The stock markets were especially volatile last week. Normally volatile would refer to something going up and down, but when used in the context of the stock markets, we tend to only think about negative returns. I have written before about why holding the course and not making emotionally based decisions is best for anyone’s long term financial success, and I could do that here too. But, during a conversation with a client last week, it occurred to me that it might be better to more clearly explain exactly what our clients are invested in, and why “the markets” are something much more substantial than what we sometimes conceptualize them to be.
I remember a few months ago I heard an advertisement for some investment product. For the life of me I cannot find what it was, but what has eaten at me since then was their describing investing as “gambling in the Wall Street Casino.” Investments can be like gambling: trying to time when to buy and sell investments, choosing to only buy certain types or sectors of investments and thinking anyone other than insiders can know information that will give one an investment advantage. But true investing is ownership. Ownership in actual companies that employ people, produce goods and/or services and make a profit. Their actual performance is not based on the whims of emotional market participants or computer trading.
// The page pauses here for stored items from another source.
lemma basis_combination_tw_mult:
  "basis_combination e (tw_mult (CS l r S) eps f g) = mul (basis_combination e f) (basis_combination e g)"
proof -
  define F where "F p = (case p of (\<alpha>, \<beta>) \<Rightarrow> smul (eps \<alpha> \<beta> * f \<alpha> * g \<beta>) (e (cadd \<alpha> \<beta>)))" for p
  have e_mul: "mul (e \<alpha>) (e \<beta>) = smul (eps \<alpha> \<beta>) (e (cadd \<alpha> \<beta>))"
    if "\<alpha> \<in> CS l r S" "\<beta> \<in> CS l r S" for \<alpha> \<beta>
    using e that by (simp add: twisted_basis_def)
  have "mul (basis_combination e f) (basis_combination e g) =
      (\<Sum>\<beta>\<in>CS l r S. \<Sum>\<alpha>\<in>CS l r S. F (\<alpha>, \<beta>))"
    unfolding basis_combination_def mul_left.sum mul_right.sum
    by (intro sum.cong refl) (simp add: mul_smul_left mul_smul_right e_mul F_def mult_ac)
  also have "\<dots> = (\<Sum>\<alpha>\<in>CS l r S. \<Sum>\<beta>\<in>CS l r S. F (\<alpha>, \<beta>))"
    by (rule sum.swap)
  also have "\<dots> = (\<Sum>p\<in>CS l r S \<times> CS l r S. F p)"
    by (simp add: sum.cartesian_product)
  also have "\<dots> = (\<Sum>\<gamma>\<in>CS l r S. \<Sum>p\<in>{p \<in> CS l r S \<times> CS l r S. case_prod cadd p = \<gamma>}. F p)"
    by (rule sum.group[symmetric]) (use finite_CS cadd_in_CS in auto)
  also have "\<dots> = basis_combination e (tw_mult (CS l r S) eps f g)"
    unfolding basis_combination_def tw_mult_def
  proof (rule sum.cong[OF refl])
    fix \<gamma>
    have "{p \<in> CS l r S \<times> CS l r S. case_prod cadd p = \<gamma>} =
        {(\<alpha>, \<beta>). \<alpha> \<in> CS l r S \<and> \<beta> \<in> CS l r S \<and> cadd \<alpha> \<beta> = \<gamma>}"
      by auto
    then show "(\<Sum>p\<in>{p \<in> CS l r S \<times> CS l r S. case_prod cadd p = \<gamma>}. F p) =
      smul (\<Sum>(\<alpha>, \<beta>)\<in>{(\<alpha>, \<beta>). \<alpha> \<in> CS l r S \<and> \<beta> \<in> CS l r S \<and> cadd \<alpha> \<beta> = \<gamma>}.
        eps \<alpha> \<beta> * f \<alpha> * g \<beta>) (e \<gamma>)"
      unfolding vs.scale_sum_left by (auto simp: F_def intro: sum.cong)
  qed
  finally show ?thesis ..
qed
I am going to work through a series of writings to better explain what investments that are in your portfolios. The funds that I will explain are used in the majority of the accounts that we manage. Some of the smaller accounts have the same strategy of investing, but we use more all-encompassing funds to achieve similar results.
The largest percentage holding that most accounts have is the DFA US Core Equity 1 Portfolio. This is how we achieve the broadest exposure to the US stocks. At its core, we want the US portion of your (and my) portfolios to own as many profitable, actively traded US stocks as possible. Then we layer on some additional strategies, but I will save explaining that until we get to those funds. I think the best way to explain this and the other funds is to share some of the data:
How many stocks are in this fund? The number of holdings is 2,787. So, you, as an investor in this fund own a piece of 2,787 US stocks. Keep in mind, when you own stocks, you own part of those companies.
Which stocks are those? The Top 10 Holdings are:
Apple Inc. 3.51%
Amazon.com Inc. 2.56%
Microsoft Corp. 2.33%
Alphabet Inc. 1.18%
JP Morgan Chase & Co. 1.03%
Berkshire Hathaway Inc. 1.01%
Johnson & Johnson 0.97%
Exxon Mobile Corp. 0.94%
Intel Corp. 0.85%
Facebook Inc. 0.84%
While these companies have been flying high in recent years, you have participated in that performance. When many of them felt some pain last week, your portfolio also experienced some of that pain. Is there anything fundamentally wrong with any of those companies that we would expect them to be worthless in the coming years? Highly doubtful! So, when Apple’s stock price took a tumble last week, did that mean that consumers had suddenly stopped buying Apple products? No, it didn’t. Don’t be afraid when we experience negative returns. Stock prices are ultimately determined by the profitability of the company they represent. If companies are profitable, we will have a trend toward positive stock market returns. And remember, when you buy your next Apple product or order something on Amazon, you own a piece of those companies!
I want to share a bit more data. The holdings above imply DFA US Core Equity is mostly invested in technology stocks, but here is the actual sector breakdown:
Information Technology 22.75%
Consumer Discretionary 15.99%
Health Care 12.59%
Consumer Staples 5.85%
Telecommunication Services 1.95%
I will also cover how and why we use certain funds in future communications, but for now, I wanted to convey that true investing is not conceptual, but consists of ownership in real companies.